**WHAT NEEDS TO BE DONE**
Find the lines below holding the word "True" and copy each of them.

**INPUT DATA**
lemma card_shape: "card shape = g"
proof -
  have "card shape = (\<Sum>k\<in>{1..r+1}. nat (row_hi k - row_lo k))"
    unfolding shape_rows by (subst card_UN_disjoint) (auto simp: card_cartesian_product_singleton)
  then have "int (card shape) = (\<Sum>k\<in>{1..r+1}. int (nat (row_hi k - row_lo k)))"
    by simp
  also have "\<dots> = (\<Sum>k\<in>{1..r+1}. row_hi k - row_lo k)"
    by (rule sum.cong) (use row_length in force)+
  also have "\<dots> = (\<Sum>k\<in>{1..r+1}. (int g - int d + int r) + int (\<beta> (k - 1)) + int (\<alpha> (r + 1 - k)))"
    unfolding row_hi_def row_lo_def by (simp add: algebra_simps)
  also have "\<dots> = (int r + 1) * (int g - int d + int r)
      + (\<Sum>k\<in>{1..r+1}. int (\<beta> (k - 1))) + (\<Sum>k\<in>{1..r+1}. int (\<alpha> (r + 1 - k)))"
    by (simp add: sum.distrib)
  also have "(\<Sum>k\<in>{1..r+1}. int (\<beta> (k - 1))) = (\<Sum>i\<le>r. int (\<beta> i))"
    by (rule sum.reindex_bij_witness[of _ "\<lambda>i. i + 1" "\<lambda>k. k - 1"]) auto
  also have "(\<Sum>k\<in>{1..r+1}. int (\<alpha> (r + 1 - k))) = (\<Sum>i\<le>r. int (\<alpha> i))"
    by (rule sum.reindex_bij_witness[of _ "\<lambda>i. r + 1 - i" "\<lambda>k. r + 1 - k"]) auto
  finally show ?thesis
    using rho_zero unfolding rho_def by simp
qed

lemma rank_by_blocks_in_YT:
  fixes block :: "box \<Rightarrow> nat"
  assumes "\<And>i j j'. (i, j) \<in> shape \<Longrightarrow> (i, j') \<in> shape \<Longrightarrow> j < j' \<Longrightarrow> block (i, j) \<le> block (i, j')"
    and "\<And>i i' j. (i, j) \<in> shape \<Longrightarrow> (i', j) \<in> shape \<Longrightarrow> i < i' \<Longrightarrow> block (i, j) \<le> block (i', j)"
  shows "rank_in shape (\<lambda>x. (block x, x)) \<in> YT g r d \<alpha> \<beta>"
proof -
  let ?key = "\<lambda>x. (block x, x)"
  have "bij_betw (rank_in shape ?key) shape {1..g}"
    using bij_betw_rank_in[OF finite_shape, of ?key] card_shape by (simp add: inj_on_def)
  moreover have "rank_in shape ?key (i, j) < rank_in shape ?key (i, j')"
    if "(i, j) \<in> shape" "(i, j') \<in> shape" "j < j'" for i j j'
    using assms(1)[OF that] that by (intro rank_in_less[OF finite_shape]) (simp_all add: le_less)
  moreover have "rank_in shape ?key (i, j) < rank_in shape ?key (i', j)"
    if "(i, j) \<in> shape" "(i', j) \<in> shape" "i < i'" for i i' j
    using assms(2)[OF that] that by (intro rank_in_less[OF finite_shape]) (simp_all add: le_less)
  ultimately show ?thesis
    unfolding YT_def Let_def by (simp add: rank_in_def[of _ _ x for x])
qed

abbreviation top_right :: box where
  "top_right \<equiv> (1, row_hi 1)"

abbreviation bottom_left :: box where
  "bottom_left \<equiv> (r + 1, 1)"

definition diam :: int where
  "diam = int r + row_hi 1 - 1"

lemma first_row_length: "4 \<le> row_hi 1"
  using row_length[of 1] row_lo_nonneg[of 1] r_ge_2 by simp

lemma top_right_in_shape: "top_right \<in> shape"
  using row_length[of 1] unfolding shape_eq by auto

lemma bottom_left_in_shape: "bottom_left \<in> shape"
  using row_length[of "r + 1"] row_lo_last unfolding shape_eq by auto

lemma boxes_at_diam:
  assumes "p \<in> shape" and "q \<in> shape" and "box_dist p q = diam"
  shows "(p, q) \<in> {(top_right, bottom_left), (bottom_left, top_right),
                    ((1, 1), (r + 1, row_hi 1)), ((r + 1, row_hi 1), (1, 1))}"
proof -
  obtain k c k' c' where p: "p = (k, c)" and q: "q = (k', c')" by fastforce
  note bounds = shape_box_bounds[OF assms(1)[unfolded p]] shape_box_bounds[OF assms(2)[unfolded q]]
  have "\<bar>int k - int k'\<bar> + \<bar>c - c'\<bar> = int r + row_hi 1 - 1"
    using assms(3) unfolding p q box_dist_def diam_def by simp
  then have "\<bar>int k - int k'\<bar> = int r" and "\<bar>c - c'\<bar> = row_hi 1 - 1"
    using bounds by linarith+
  then have "k = 1 \<and> k' = r + 1 \<or> k = r + 1 \<and> k' = 1"
    and "c = 1 \<and> c' = row_hi 1 \<or> c = row_hi 1 \<and> c' = 1"
    using bounds by linarith+
  then show ?thesis unfolding p q by auto
qed

lemma opposite_corner_gap:
  assumes "T \<in> YT g r d \<alpha> \<beta>" and "(1, 1) \<in> shape" and "(r + 1, row_hi 1) \<in> shape"
  shows "T (1, 1) + 2 \<le> T (r + 1, row_hi 1)"
proof -
  have "T (1, 1) < T top_right"
    using YT_D(3)[OF assms(1,2) top_right_in_shape] first_row_length by simp
  moreover have "T top_right < T (r + 1, row_hi 1)"
    using YT_D(4)[OF assms(1) top_right_in_shape assms(3)] r_ge_2 by simp
  ultimately show ?thesis by simp
qed

lemma pi_ta_diam_moves_corner_entry:
  assumes "T \<in> YT g r d \<alpha> \<beta>" and "0 < t" and "pi_ta t diam T \<noteq> T"
  shows "t = min (T top_right) (T bottom_left)"
proof -
  obtain p q where pq: "T p = t" "T q = t + 1" "box_dist p q = diam"
    using assms(3) unfolding pi_ta_moves_iff by blast
  have "p \<in> shape" "q \<in> shape"
    using YT_D(2)[OF assms(1)] pq(1,2) assms(2) by (metis less_irrefl, metis add_eq_0_iff_both_eq_0 one_neq_zero)
  then have corners: "(p, q) \<in> {(top_right, bottom_left), (bottom_left, top_right),
                    ((1, 1), (r + 1, row_hi 1)), ((r + 1, row_hi 1), (1, 1))}"
    using pq(3) by (rule boxes_at_diam)
  show ?thesis
  proof (cases "(p, q) \<in> {((1, 1), (r + 1, row_hi 1)), ((r + 1, row_hi 1), (1, 1))}")
    case True
    then have "T (1, 1) + 2 \<le> T (r + 1, row_hi 1)"
      using opposite_corner_gap[OF assms(1)] \<open>p \<in> shape\<close> \<open>q \<in> shape\<close> by auto
    with True pq show ?thesis by auto
  next
    case False
    with corners pq show ?thesis by auto
  qed
qed

text \<open>For b below the end of the first row, \<open>corner_ideal b\<close> is an order ideal of the shape to
  which \<open>top_right\<close> and then \<open>bottom_left\<close> can be added.\<close>

definition corner_ideal :: "int \<Rightarrow> box set" where
  "corner_ideal b = {x \<in> shape. (fst x = 1 \<and> snd x \<noteq> row_hi 1) \<or> (snd x = 1 \<and> fst x \<le> r)
                                \<or> (fst x = 2 \<and> snd x \<le> b)}"

definition corner_block :: "int \<Rightarrow> box \<Rightarrow> nat" where
  "corner_block b x =
     (if x \<in> corner_ideal b then 0 else if x = top_right then 1 else if x = bottom_left then 2 else 3)"

definition corner_tableau :: "int \<Rightarrow> tableau" where
  "corner_tableau b = rank_in shape (\<lambda>x. (corner_block b x, x))"

lemma finite_corner_ideal: "finite (corner_ideal b)"
  unfolding corner_ideal_def using finite_shape by simp

lemma corners_notin_corner_ideal: "top_right \<notin> corner_ideal b" "bottom_left \<notin> corner_ideal b"
  using first_row_length r_ge_2 by (auto simp: corner_ideal_def)

lemma corner_tableau_in_YT:
  assumes "b < row_hi 1"
  shows "corner_tableau b \<in> YT g r d \<alpha> \<beta>"
  unfolding corner_tableau_def
proof (rule rank_by_blocks_in_YT)
  fix i j j' assume "(i, j) \<in> shape" "(i, j') \<in> shape" "j < j'"
  then show "corner_block b (i, j) \<le> corner_block b (i, j')"
    using shape_box_bounds[of i j] shape_box_bounds[of i j'] assms
    by (auto simp: corner_block_def corner_ideal_def)
next
  fix i i' j assume "(i, j) \<in> shape" "(i', j) \<in> shape" "i < i'"
  then show "corner_block b (i, j) \<le> corner_block b (i', j)"
    using shape_box_bounds[of i j] shape_box_bounds[of i' j] assms
    by (auto simp: corner_block_def corner_ideal_def)
qed

lemma corner_tableau_corners:
  "corner_tableau b top_right = card (corner_ideal b) + 1"
  "corner_tableau b bottom_left = card (corner_ideal b) + 2"
proof -
  have "corner_ideal b \<subseteq> shape" by (auto simp: corner_ideal_def)
  then have "{y \<in> shape. (corner_block b y, y) \<le> (corner_block b top_right, top_right)}
      = insert top_right (corner_ideal b)"
    and "{y \<in> shape. (corner_block b y, y) \<le> (corner_block b bottom_left, bottom_left)}
      = insert bottom_left (insert top_right (corner_ideal b))"
    using top_right_in_shape bottom_left_in_shape corners_notin_corner_ideal
    by (auto simp: corner_block_def)
  moreover have "top_right \<noteq> bottom_left" using r_ge_2 by simp
  ultimately show "corner_tableau b top_right = card (corner_ideal b) + 1"
    and "corner_tableau b bottom_left = card (corner_ideal b) + 2"
    using top_right_in_shape bottom_left_in_shape corners_notin_corner_ideal finite_corner_ideal
    by (simp_all add: corner_tableau_def rank_in_def)
qed

lemma corner_tableau_moved:
  "pi_ta (card (corner_ideal b) + 1) diam (corner_tableau b) \<noteq> corner_tableau b"
  unfolding pi_ta_moves_iff
proof (intro exI conjI)
  show "corner_tableau b top_right = card (corner_ideal b) + 1"
    and "corner_tableau b bottom_left = card (corner_ideal b) + 1 + 1"
    using corner_tableau_corners by simp_all
  show "fst top_right \<noteq> fst bottom_left" "snd top_right \<noteq> snd bottom_left"
    "box_dist top_right bottom_left = diam"
    using r_ge_2 first_row_length by (simp_all add: box_dist_def diam_def)
qed

definition row2_start :: int where
  "row2_start = max (row_lo 2 + 1) 2"

lemma card_corner_ideal_less:
  assumes "b < b'" and "row2_start \<le> b'" and "b' \<le> row2_start + 2"
  shows "card (corner_ideal b) < card (corner_ideal b')"
proof -
  have "(2, b') \<in> shape"
    using row_length[of 2] row_lo_nonneg[of 2] r_ge_2 assms(2,3)
    unfolding shape_eq row2_start_def by auto
  then have "(2, b') \<in> corner_ideal b' - corner_ideal b"
    using assms(1,2) unfolding corner_ideal_def row2_start_def by auto
  moreover have "corner_ideal b \<subseteq> corner_ideal b'"
    using assms(1) unfolding corner_ideal_def by auto
  ultimately have "corner_ideal b \<subset> corner_ideal b'" by blast
  then show ?thesis using finite_corner_ideal by (simp add: psubset_card_mono)
qed
definition \<theta> :: "nat \<Rightarrow> real" where
  "\<theta> k = dist_int (\<alpha> * of_int (b k))"

lemma norm_twist [simp]: "norm (twist k) = 1"
  by (simp add: twist_def)

lemma \<theta>_nonneg [simp]: "0 \<le> \<theta> k"
  by (simp add: \<theta>_def)

lemma norm_twist_minus_one_le: "norm (twist k - 1) \<le> 2 * pi * \<theta> k"
  unfolding twist_def \<theta>_def by (rule norm_ee_minus_one_le)

lemma norm_weyl_sum_le: "norm (weyl_sum m) \<le> real m"
proof -
  have "norm (weyl_sum m) \<le> (\<Sum>n<m. norm (ee (\<alpha> * of_int (replacement a b n))))"
    unfolding weyl_sum_def by (rule norm_sum)
  then show ?thesis by simp
qed

lemma weyl_sum_split:
  assumes k: "1 \<le> k" "a k \<le> M" "M \<le> a (Suc k)"
  shows "weyl_sum M = weyl_sum (a k) + twist k * weyl_sum (M - a k)"
proof -
  let ?f = "\<lambda>n. ee (\<alpha> * of_int (replacement a b n))"
  have "weyl_sum M = weyl_sum (a k) + (\<Sum>n\<in>{a k..<M}. ?f n)"
    unfolding weyl_sum_def using k by (metis atLeast0LessThan le0 sum.atLeastLessThan_concat)
  also have "(\<Sum>n\<in>{a k..<M}. ?f n) = (\<Sum>u<M - a k. ?f (u + a k))"
    by (rule sum.reindex_bij_witness[of _ "\<lambda>u. u + a k" "\<lambda>n. n - a k"]) (use k in auto)
  also have "\<dots> = (\<Sum>u<M - a k. twist k * ?f u)"
  proof (rule sum.cong[OF refl])
    fix u assume "u \<in> {..<M - a k}"
    then have "replacement a b (u + a k) = b k + replacement a b u"
      using replacement_step[of k "u + a k"] k by simp
    then show "?f (u + a k) = twist k * ?f u"
      by (simp add: twist_def distrib_left ee_add)
  qed
  finally show ?thesis unfolding weyl_sum_def by (simp add: sum_distrib_left)
qed

primrec twisted_sum :: "nat list \<Rightarrow> complex" where
  "twisted_sum [] = 0"
| "twisted_sum (k # ks) = weyl_sum (a k) + twist k * twisted_sum ks"

lemma weyl_sum_greedy:
  assumes "1 \<le> N" "m \<le> a (Suc N)"
  shows "weyl_sum m = twisted_sum (greedy_list a N m)"
  using assms(2)
proof (induction m rule: less_induct)
  case (less m)
  show ?case
  proof (cases "m = 0")
    case False
    then obtain k where k: "1 \<le> k" "k \<le> N" "a k \<le> m" "k < N \<Longrightarrow> m < a (Suc k)"
      using greedy_first_index assms(1) by blast
    then have "m \<le> a (Suc k)" using less.prems by (cases "k < N") auto
    then have "weyl_sum m = weyl_sum (a k) + twist k * weyl_sum (m - a k)"
      using k by (intro weyl_sum_split) auto
    also have "weyl_sum (m - a k) = twisted_sum (greedy_list a N (m - a k))"
      using less k a_pos[of k] by simp
    finally show ?thesis using greedy_list_Cons[OF k] by simp
  qed (simp add: weyl_sum_def)
qed

lemma norm_twisted_sum_le: "norm (twisted_sum ks) \<le> real (\<Sum>k\<leftarrow>ks. a k)"
proof (induction ks)
  case (Cons k ks)
  have "norm (twisted_sum (k # ks)) \<le> norm (weyl_sum (a k)) + norm (twist k * twisted_sum ks)"
    by (simp add: norm_triangle_ineq)
  also have "\<dots> \<le> real (a k) + real (\<Sum>k\<leftarrow>ks. a k)"
    using norm_weyl_sum_le[of "a k"] Cons by (simp add: norm_mult)
  finally show ?case by simp
qed simp

lemma twisted_sum_approx:
  "norm (twisted_sum ks - (\<Sum>k\<leftarrow>ks. weyl_sum (a k)))
     \<le> (\<Sum>k\<leftarrow>ks. 2 * pi * \<theta> k) * real (\<Sum>k\<leftarrow>ks. a k)"
proof (induction ks)
  case (Cons k ks)
  define D where "D = (\<Sum>k\<leftarrow>ks. 2 * pi * \<theta> k)"
  define A where "A = real (\<Sum>k\<leftarrow>ks. a k)"
  have D: "0 \<le> D" unfolding D_def by (rule sum_list_nonneg) auto
  have "twisted_sum (k # ks) - (\<Sum>k\<leftarrow>k # ks. weyl_sum (a k))
      = (twist k - 1) * twisted_sum ks + (twisted_sum ks - (\<Sum>k\<leftarrow>ks. weyl_sum (a k)))"
    by (simp add: algebra_simps)
  then have "norm (twisted_sum (k # ks) - (\<Sum>k\<leftarrow>k # ks. weyl_sum (a k)))
      \<le> norm (twist k - 1) * norm (twisted_sum ks) + norm (twisted_sum ks - (\<Sum>k\<leftarrow>ks. weyl_sum (a k)))"
    by (metis norm_mult norm_triangle_ineq)
  also have "\<dots> \<le> 2 * pi * \<theta> k * A + D * A"
    using norm_twist_minus_one_le[of k] norm_twisted_sum_le[of ks] Cons
    unfolding A_def D_def by (intro add_mono mult_mono) auto
  also have "\<dots> \<le> (2 * pi * \<theta> k + D) * (real (a k) + A)"
    using D by (simp add: algebra_simps)
  finally show ?case by (simp add: A_def D_def)
qed simp

end

section \<open>Perturbed convex recurrences\<close>

lemma convergent_if_eventually_decreasing_bounded:
  fixes U :: "nat \<Rightarrow> real"
  assumes "\<And>i. i0 \<le> i \<Longrightarrow> U (Suc i) \<le> U i" and "\<And>i. \<bar>U i\<bar> \<le> C"
  shows "convergent U"
proof -
  have "decseq (\<lambda>n. U (n + i0))" using assms(1) by (intro decseq_SucI) simp
  moreover have "Bseq (\<lambda>n. U (n + i0))" using assms(2) by (intro BseqI') simp
  ultimately have "convergent (\<lambda>n. U (n + i0))" by (simp add: Bseq_monoseq_convergent monoseq_iff)
  then show ?thesis by (simp add: convergent_ignore_initial_segment)
qed

locale convex_recurrence =
  fixes x e :: "nat \<Rightarrow> real" and w :: "nat \<Rightarrow> nat \<Rightarrow> real" and L i0 :: nat and \<delta> B :: real
  assumes L_pos: "1 \<le> L" and L_le_i0: "L \<le> i0"
    and \<delta>_pos: "0 < \<delta>" and \<delta>_le_1: "\<delta> \<le> 1"
    and weight_nonneg: "\<And>i j. i0 \<le> i \<Longrightarrow> j \<in> {1..L} \<Longrightarrow> 0 \<le> w i j"
    and weight_sum: "\<And>i. i0 \<le> i \<Longrightarrow> (\<Sum>j=1..L. w i j) = 1"
    and lead_weight: "\<And>i. i0 \<le> i \<Longrightarrow> \<delta> \<le> w i 1"
    and recurrence: "\<And>i. i0 \<le> i \<Longrightarrow> x i = (\<Sum>j=1..L. w i j * x (i - j)) + e i"
    and summable_error: "summable (\<lambda>i. \<bar>e i\<bar>)"
    and bounded: "\<And>i. \<bar>x i\<bar> \<le> B"
begin

lemma convex_recurrence_uminus: "convex_recurrence (\<lambda>i. - x i) (\<lambda>i. - e i) w L i0 \<delta> B"
proof
  fix i assume "i0 \<le> i"
  then show "- x i = (\<Sum>j = 1..L. w i j * - x (i - j)) + - e i"
    using recurrence[of i] by (simp add: sum_negf)
qed (use L_pos L_le_i0 \<delta>_pos \<delta>_le_1 weight_nonneg weight_sum lead_weight summable_error bounded in auto)

definition tail :: "nat \<Rightarrow> real" where
  "tail j = (\<Sum>i. \<bar>e i\<bar>) - (\<Sum>i<j. \<bar>e i\<bar>)"

lemma tail_Suc: "tail (Suc j) = tail j - \<bar>e j\<bar>"
  unfolding tail_def by simp

lemma tail_nonneg: "0 \<le> tail j"
  unfolding tail_def using sum_le_suminf[OF summable_error, of "{..<j}"] by auto

lemma tail_antimono: "i \<le> l \<Longrightarrow> tail l \<le> tail i"
  unfolding tail_def by (simp add: sum_mono2)

lemma tail_tendsto_0: "tail \<longlonglongrightarrow> 0"
proof -
  have "(\<lambda>j. (\<Sum>i. \<bar>e i\<bar>) - (\<Sum>i<j. \<bar>e i\<bar>)) \<longlonglongrightarrow> (\<Sum>i. \<bar>e i\<bar>) - (\<Sum>i. \<bar>e i\<bar>)"
    by (intro tendsto_intros summable_LIMSEQ summable_error)
  then show ?thesis unfolding tail_def by simp
qed

lemma recurrence_le:
  assumes "i0 \<le> l" "\<And>j. j \<in> {1..L} \<Longrightarrow> x (l - j) \<le> h"
  shows "x l \<le> h + \<bar>e l\<bar>"
proof -
  have "(\<Sum>j=1..L. w l j * x (l - j)) \<le> (\<Sum>j=1..L. w l j * h)"
    using assms weight_nonneg by (intro sum_mono mult_left_mono) auto
  also have "\<dots> = h" using weight_sum[OF assms(1)] by (simp add: sum_distrib_right[symmetric])
  finally show ?thesis using recurrence[OF assms(1)] by linarith
qed

lemma recurrence_lead_ge:
  assumes "i0 \<le> l" "\<And>j. j \<in> {1..L} \<Longrightarrow> c \<le> x (l - j)"
  shows "\<delta> * (x (l - 1) - c) - \<bar>e l\<bar> \<le> x l - c"
proof -
  have "x l - c = (\<Sum>j=1..L. w l j * (x (l - j) - c)) + e l"
    using recurrence[OF assms(1)] weight_sum[OF assms(1)]
    by (simp add: sum_subtractf right_diff_distrib sum_distrib_right[symmetric])
  moreover have "w l 1 * (x (l - 1) - c) \<le> (\<Sum>j=1..L. w l j * (x (l - j) - c))"
    using assms weight_nonneg L_pos by (intro member_le_sum) auto
  moreover have "\<delta> * (x (l - 1) - c) \<le> w l 1 * (x (l - 1) - c)"
    using assms L_pos lead_weight by (intro mult_right_mono) auto
  ultimately show ?thesis by linarith
qed

lemma stays_below:
  assumes "i0 \<le> i" "\<And>q. q \<in> {i + 1 - L..i} \<Longrightarrow> x q \<le> h" "i + 1 - L \<le> l"
  shows "x l \<le> h + tail (i + 1)"
proof -
  have below: "x (i + n) \<le> h + tail (i + 1) - tail (i + n + 1)" for n
  proof (induction n rule: less_induct)
    case (less n)
    show ?case
    proof (cases n)
      case 0
      then show ?thesis using assms(2)[of i] L_pos by simp
    next
      case (Suc m)
      have "x (i + n - j) \<le> h + tail (i + 1) - tail (i + n)" if j: "j \<in> {1..L}" for j
      proof (cases "i + n - j \<le> i")
        case True
        then have "x (i + n - j) \<le> h" by (intro assms(2)) (use j Suc in auto)
        then show ?thesis using tail_antimono[of "i + 1" "i + n"] Suc by simp
      next
        case False
        then have "x (i + (n - j)) \<le> h + tail (i + 1) - tail (i + (n - j) + 1)"
          using j by (intro less) auto
        moreover have "tail (i + n) \<le> tail (i + (n - j) + 1)" using j False by (intro tail_antimono) auto
        ultimately show ?thesis using j False by simp
      qed
      then have "x (i + n) \<le> h + tail (i + 1) - tail (i + n) + \<bar>e (i + n)\<bar>"
        using recurrence_le assms(1) by simp
      then show ?thesis using tail_Suc[of "i + n"] by simp
    qed
  qed
  show ?thesis
  proof (cases "l \<le> i")
    case True
    then show ?thesis using assms(2,3) tail_nonneg[of "i + 1"] by fastforce
  next
    case False
    then show ?thesis using below[of "l - i"] tail_nonneg[of "l + 1"] by simp
  qed
qed
lemma Pl_plus_Pm:
  assumes "admissible h \<delta>"
  shows "Pl1 h \<delta> e1 e2 k + Pm1 h \<delta> e1 e2 k = e1" and "Pl2 h \<delta> e1 e2 k + Pm2 h \<delta> e1 e2 k = e2"
proof -
  have D: "lam h \<delta> k - mu h \<delta> k \<noteq> 0" using lam_ne_mu[OF assms, of k] by simp
  have comb: "x / (lam h \<delta> k - mu h \<delta> k) + y / (mu h \<delta> k - lam h \<delta> k) = e"
    if "x - y = (lam h \<delta> k - mu h \<delta> k) * e" for x y e
  proof -
    have "y / (mu h \<delta> k - lam h \<delta> k) = - (y / (lam h \<delta> k - mu h \<delta> k))"
      by (metis minus_diff_eq divide_minus_right)
    then have "x / (lam h \<delta> k - mu h \<delta> k) + y / (mu h \<delta> k - lam h \<delta> k)
             = (x - y) / (lam h \<delta> k - mu h \<delta> k)"
      by (simp add: diff_divide_distrib)
    then show ?thesis using that D by simp
  qed
  show "Pl1 h \<delta> e1 e2 k + Pm1 h \<delta> e1 e2 k = e1" and "Pl2 h \<delta> e1 e2 k + Pm2 h \<delta> e1 e2 k = e2"
    unfolding Pl1_def Pl2_def Pm1_def Pm2_def by (rule comb, simp add: algebra_simps)+
qed

lemma continuous_on_Pl_Pm:
  assumes "admissible h \<delta>"
  shows "continuous_on S (Pl1 h \<delta> e1 e2)" "continuous_on S (Pl2 h \<delta> e1 e2)"
    "continuous_on S (Pm1 h \<delta> e1 e2)" "continuous_on S (Pm2 h \<delta> e1 e2)"
proof -
  have ne: "\<forall>k\<in>S. lam h \<delta> k - mu h \<delta> k \<noteq> 0" "\<forall>k\<in>S. mu h \<delta> k - lam h \<delta> k \<noteq> 0"
    using lam_ne_mu[OF assms] by (simp_all add: eq_commute[of "mu h \<delta> _"])
  show "continuous_on S (Pl1 h \<delta> e1 e2)" "continuous_on S (Pl2 h \<delta> e1 e2)"
    "continuous_on S (Pm1 h \<delta> e1 e2)" "continuous_on S (Pm2 h \<delta> e1 e2)"
    unfolding Pl1_def[abs_def] Pl2_def[abs_def] Pm1_def[abs_def] Pm2_def[abs_def]
    by (intro continuous_intros continuous_on_tmT continuous_on_slice[OF continuous_on_lam assms]
        continuous_on_slice[OF continuous_on_mu assms] ne)+
qed

text \<open>Solutions of the adjoint recurrence \<open>H (s - 1) = tmT H s\<close>: \<open>Hup\<close> lives on \<open>s \<ge> s0\<close> and
  decays as \<open>s \<rightarrow> \<infinity>\<close>, \<open>Hdown\<close> lives on \<open>s \<le> s0\<close> and decays as \<open>s \<rightarrow> -\<infinity>\<close>; at \<open>s0\<close> they
  add up to \<open>cis (- j0 k) * (e1, e2)\<close>, whose coefficients pick out the site \<open>j0\<close>.\<close>
definition Hup1 :: "real \<Rightarrow> real \<Rightarrow> complex \<Rightarrow> complex \<Rightarrow> int \<Rightarrow> int \<Rightarrow> int \<Rightarrow> real \<Rightarrow> complex" where
  "Hup1 h \<delta> e1 e2 j0 s0 s k = (lam h \<delta> k ^ nat (s - s0) * cis (- (of_int j0 * k))) * Pm1 h \<delta> e1 e2 k"
definition Hup2 :: "real \<Rightarrow> real \<Rightarrow> complex \<Rightarrow> complex \<Rightarrow> int \<Rightarrow> int \<Rightarrow> int \<Rightarrow> real \<Rightarrow> complex" where
  "Hup2 h \<delta> e1 e2 j0 s0 s k = (lam h \<delta> k ^ nat (s - s0) * cis (- (of_int j0 * k))) * Pm2 h \<delta> e1 e2 k"
definition Hdown1 :: "real \<Rightarrow> real \<Rightarrow> complex \<Rightarrow> complex \<Rightarrow> int \<Rightarrow> int \<Rightarrow> int \<Rightarrow> real \<Rightarrow> complex" where
  "Hdown1 h \<delta> e1 e2 j0 s0 s k = (lam h \<delta> k ^ nat (s0 - s) * cis (- (of_int j0 * k))) * Pl1 h \<delta> e1 e2 k"
definition Hdown2 :: "real \<Rightarrow> real \<Rightarrow> complex \<Rightarrow> complex \<Rightarrow> int \<Rightarrow> int \<Rightarrow> int \<Rightarrow> real \<Rightarrow> complex" where
  "Hdown2 h \<delta> e1 e2 j0 s0 s k = (lam h \<delta> k ^ nat (s0 - s) * cis (- (of_int j0 * k))) * Pl2 h \<delta> e1 e2 k"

**ANSWER BOX**
    case True
    with True pq show ?thesis by auto
        case True
    case True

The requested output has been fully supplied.